*Activity*: Search the data for the word "assumes" and copy every line that contains it.

####################

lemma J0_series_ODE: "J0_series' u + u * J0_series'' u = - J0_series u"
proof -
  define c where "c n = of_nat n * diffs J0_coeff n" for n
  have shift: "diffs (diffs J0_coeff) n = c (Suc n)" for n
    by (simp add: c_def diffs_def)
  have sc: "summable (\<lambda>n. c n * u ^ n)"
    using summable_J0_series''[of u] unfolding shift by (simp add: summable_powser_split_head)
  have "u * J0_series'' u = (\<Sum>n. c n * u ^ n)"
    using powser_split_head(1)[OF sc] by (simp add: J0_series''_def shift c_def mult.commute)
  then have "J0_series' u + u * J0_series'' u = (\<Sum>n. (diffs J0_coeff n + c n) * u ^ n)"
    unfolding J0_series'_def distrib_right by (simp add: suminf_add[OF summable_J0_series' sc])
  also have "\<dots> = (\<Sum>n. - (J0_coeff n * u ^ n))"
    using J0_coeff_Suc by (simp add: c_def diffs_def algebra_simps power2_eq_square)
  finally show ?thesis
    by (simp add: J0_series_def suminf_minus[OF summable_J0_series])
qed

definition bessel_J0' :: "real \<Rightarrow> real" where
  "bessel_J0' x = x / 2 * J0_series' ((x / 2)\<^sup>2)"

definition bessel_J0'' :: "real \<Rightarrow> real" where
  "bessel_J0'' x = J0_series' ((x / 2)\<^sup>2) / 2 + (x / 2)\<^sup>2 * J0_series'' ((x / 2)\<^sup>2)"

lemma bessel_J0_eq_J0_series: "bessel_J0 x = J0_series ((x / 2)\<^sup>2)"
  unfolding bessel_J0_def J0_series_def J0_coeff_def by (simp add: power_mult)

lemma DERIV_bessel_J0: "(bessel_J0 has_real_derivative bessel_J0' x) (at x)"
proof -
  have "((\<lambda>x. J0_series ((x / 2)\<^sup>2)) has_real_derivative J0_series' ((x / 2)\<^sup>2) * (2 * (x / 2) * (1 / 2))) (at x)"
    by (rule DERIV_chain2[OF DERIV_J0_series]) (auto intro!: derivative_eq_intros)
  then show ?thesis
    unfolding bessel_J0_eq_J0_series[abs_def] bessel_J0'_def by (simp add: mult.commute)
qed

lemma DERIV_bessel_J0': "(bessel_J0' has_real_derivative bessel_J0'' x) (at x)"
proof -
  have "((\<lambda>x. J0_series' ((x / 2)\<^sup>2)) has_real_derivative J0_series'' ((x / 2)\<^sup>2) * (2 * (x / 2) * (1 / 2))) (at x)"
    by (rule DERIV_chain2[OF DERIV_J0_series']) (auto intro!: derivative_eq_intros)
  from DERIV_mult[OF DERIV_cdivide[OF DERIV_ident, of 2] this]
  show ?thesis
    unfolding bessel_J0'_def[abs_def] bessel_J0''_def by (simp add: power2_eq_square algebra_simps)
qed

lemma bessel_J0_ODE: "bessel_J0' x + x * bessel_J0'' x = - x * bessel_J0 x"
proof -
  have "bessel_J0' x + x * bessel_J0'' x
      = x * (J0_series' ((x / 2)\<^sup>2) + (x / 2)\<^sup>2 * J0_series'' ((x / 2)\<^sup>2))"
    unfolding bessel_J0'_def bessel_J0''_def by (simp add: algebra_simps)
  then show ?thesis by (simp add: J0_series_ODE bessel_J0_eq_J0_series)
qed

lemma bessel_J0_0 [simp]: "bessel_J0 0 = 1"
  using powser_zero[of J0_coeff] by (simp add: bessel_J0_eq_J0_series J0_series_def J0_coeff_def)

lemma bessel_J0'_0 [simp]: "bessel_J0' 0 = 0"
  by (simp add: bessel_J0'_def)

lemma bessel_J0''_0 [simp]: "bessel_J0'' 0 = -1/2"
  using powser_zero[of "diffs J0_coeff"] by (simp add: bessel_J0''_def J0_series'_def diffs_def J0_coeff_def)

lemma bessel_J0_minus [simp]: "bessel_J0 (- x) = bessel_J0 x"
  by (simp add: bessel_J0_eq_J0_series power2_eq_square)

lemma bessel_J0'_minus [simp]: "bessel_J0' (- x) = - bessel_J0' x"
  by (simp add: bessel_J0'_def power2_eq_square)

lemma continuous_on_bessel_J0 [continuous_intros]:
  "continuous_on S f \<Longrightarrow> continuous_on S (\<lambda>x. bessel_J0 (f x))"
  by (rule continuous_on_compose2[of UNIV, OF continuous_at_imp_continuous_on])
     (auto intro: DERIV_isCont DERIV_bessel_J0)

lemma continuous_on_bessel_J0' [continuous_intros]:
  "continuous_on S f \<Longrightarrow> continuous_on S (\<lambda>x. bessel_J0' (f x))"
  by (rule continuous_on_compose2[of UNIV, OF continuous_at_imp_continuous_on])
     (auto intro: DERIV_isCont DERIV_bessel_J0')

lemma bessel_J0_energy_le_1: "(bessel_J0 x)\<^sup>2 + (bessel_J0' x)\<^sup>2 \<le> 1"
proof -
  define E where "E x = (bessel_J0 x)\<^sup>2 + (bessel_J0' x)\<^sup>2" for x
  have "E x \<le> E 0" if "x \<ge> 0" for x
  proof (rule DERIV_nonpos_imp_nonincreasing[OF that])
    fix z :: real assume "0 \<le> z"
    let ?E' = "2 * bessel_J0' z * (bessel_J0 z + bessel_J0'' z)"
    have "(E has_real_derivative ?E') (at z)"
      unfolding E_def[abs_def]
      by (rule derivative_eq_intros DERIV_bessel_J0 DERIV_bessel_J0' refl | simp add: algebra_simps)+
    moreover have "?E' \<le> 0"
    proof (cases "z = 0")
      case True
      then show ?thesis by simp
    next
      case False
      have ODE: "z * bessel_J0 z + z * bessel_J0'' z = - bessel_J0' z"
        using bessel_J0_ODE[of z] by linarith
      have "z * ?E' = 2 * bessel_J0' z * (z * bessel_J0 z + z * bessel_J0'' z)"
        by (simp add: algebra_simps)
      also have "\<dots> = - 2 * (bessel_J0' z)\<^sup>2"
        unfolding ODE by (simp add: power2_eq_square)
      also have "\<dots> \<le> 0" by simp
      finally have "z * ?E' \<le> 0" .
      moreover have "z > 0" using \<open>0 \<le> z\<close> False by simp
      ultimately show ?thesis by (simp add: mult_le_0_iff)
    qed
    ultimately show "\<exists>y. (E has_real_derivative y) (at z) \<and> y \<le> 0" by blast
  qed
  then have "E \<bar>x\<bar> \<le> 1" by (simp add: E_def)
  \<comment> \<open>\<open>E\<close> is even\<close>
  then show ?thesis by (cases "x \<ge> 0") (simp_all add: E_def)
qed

####################

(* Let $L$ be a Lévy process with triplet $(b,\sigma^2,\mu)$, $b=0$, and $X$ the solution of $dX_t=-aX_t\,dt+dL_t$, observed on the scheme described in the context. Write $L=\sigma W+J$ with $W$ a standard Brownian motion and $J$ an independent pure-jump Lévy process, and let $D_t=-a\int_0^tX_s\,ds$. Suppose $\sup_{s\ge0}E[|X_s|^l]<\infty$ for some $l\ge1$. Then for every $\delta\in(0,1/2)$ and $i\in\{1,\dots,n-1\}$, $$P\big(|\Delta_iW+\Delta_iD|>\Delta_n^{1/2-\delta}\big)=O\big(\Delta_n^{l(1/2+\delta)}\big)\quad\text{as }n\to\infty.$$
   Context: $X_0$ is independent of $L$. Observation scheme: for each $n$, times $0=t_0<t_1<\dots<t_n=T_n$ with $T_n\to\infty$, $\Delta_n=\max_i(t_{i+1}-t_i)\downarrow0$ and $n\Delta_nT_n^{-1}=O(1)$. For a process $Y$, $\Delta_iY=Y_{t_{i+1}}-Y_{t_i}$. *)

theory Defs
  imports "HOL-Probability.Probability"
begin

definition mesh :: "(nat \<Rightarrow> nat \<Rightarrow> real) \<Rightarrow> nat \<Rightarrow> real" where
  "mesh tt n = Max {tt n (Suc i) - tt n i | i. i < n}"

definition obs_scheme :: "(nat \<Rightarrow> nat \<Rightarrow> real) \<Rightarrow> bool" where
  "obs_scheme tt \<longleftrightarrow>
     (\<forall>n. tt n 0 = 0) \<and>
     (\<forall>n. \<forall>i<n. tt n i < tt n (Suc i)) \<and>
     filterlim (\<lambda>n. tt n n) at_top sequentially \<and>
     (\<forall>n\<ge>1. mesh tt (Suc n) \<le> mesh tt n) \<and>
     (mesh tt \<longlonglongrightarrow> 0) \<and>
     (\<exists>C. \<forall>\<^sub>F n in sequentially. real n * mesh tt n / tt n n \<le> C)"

####################

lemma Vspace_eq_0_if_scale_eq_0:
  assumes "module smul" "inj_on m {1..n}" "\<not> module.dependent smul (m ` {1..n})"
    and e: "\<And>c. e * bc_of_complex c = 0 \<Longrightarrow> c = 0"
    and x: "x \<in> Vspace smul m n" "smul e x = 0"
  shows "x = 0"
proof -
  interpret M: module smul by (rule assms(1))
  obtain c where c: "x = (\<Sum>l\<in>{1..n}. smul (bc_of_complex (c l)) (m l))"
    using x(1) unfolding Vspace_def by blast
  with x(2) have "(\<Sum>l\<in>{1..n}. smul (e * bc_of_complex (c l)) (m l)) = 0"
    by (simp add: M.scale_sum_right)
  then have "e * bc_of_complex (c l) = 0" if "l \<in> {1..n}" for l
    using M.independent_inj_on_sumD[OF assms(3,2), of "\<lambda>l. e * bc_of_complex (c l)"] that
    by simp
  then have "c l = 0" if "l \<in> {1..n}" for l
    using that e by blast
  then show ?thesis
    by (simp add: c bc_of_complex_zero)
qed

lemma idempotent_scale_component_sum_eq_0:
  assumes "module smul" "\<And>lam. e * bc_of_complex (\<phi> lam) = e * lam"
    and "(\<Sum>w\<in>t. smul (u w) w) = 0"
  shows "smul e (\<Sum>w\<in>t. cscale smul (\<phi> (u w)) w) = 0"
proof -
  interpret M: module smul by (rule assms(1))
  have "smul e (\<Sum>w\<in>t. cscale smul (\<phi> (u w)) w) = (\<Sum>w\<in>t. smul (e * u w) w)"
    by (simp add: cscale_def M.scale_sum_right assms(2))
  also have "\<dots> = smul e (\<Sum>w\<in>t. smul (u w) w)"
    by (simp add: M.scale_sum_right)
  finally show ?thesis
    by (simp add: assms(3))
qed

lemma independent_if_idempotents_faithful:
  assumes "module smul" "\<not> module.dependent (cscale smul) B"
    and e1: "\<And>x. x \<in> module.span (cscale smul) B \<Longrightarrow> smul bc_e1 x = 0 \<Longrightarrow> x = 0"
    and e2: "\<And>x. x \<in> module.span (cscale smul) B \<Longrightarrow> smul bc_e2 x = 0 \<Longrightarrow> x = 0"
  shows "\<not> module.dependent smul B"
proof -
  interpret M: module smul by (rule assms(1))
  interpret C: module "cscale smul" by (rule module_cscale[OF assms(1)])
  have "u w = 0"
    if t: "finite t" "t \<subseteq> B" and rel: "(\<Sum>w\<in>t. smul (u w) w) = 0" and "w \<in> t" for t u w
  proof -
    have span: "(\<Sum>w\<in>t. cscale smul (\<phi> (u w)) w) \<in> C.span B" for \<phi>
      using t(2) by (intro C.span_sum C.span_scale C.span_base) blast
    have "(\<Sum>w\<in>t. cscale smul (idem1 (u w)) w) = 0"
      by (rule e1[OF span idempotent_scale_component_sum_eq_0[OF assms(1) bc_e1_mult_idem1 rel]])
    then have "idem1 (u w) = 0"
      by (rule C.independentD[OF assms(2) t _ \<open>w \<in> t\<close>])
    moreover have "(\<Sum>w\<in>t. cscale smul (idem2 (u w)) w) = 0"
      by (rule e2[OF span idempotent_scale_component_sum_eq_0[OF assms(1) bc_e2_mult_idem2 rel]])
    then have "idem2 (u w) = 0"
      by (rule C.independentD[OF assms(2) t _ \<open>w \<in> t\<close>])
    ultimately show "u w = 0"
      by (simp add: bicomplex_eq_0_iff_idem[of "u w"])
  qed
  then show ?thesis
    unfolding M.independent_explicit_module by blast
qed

####################

*Response*:
  assumes "module smul" "inj_on m {1..n}" "\<not> module.dependent smul (m ` {1..n})"
  assumes "module smul" "\<And>lam. e * bc_of_complex (\<phi> lam) = e * lam"
  assumes "module smul" "\<not> module.dependent (cscale smul) B"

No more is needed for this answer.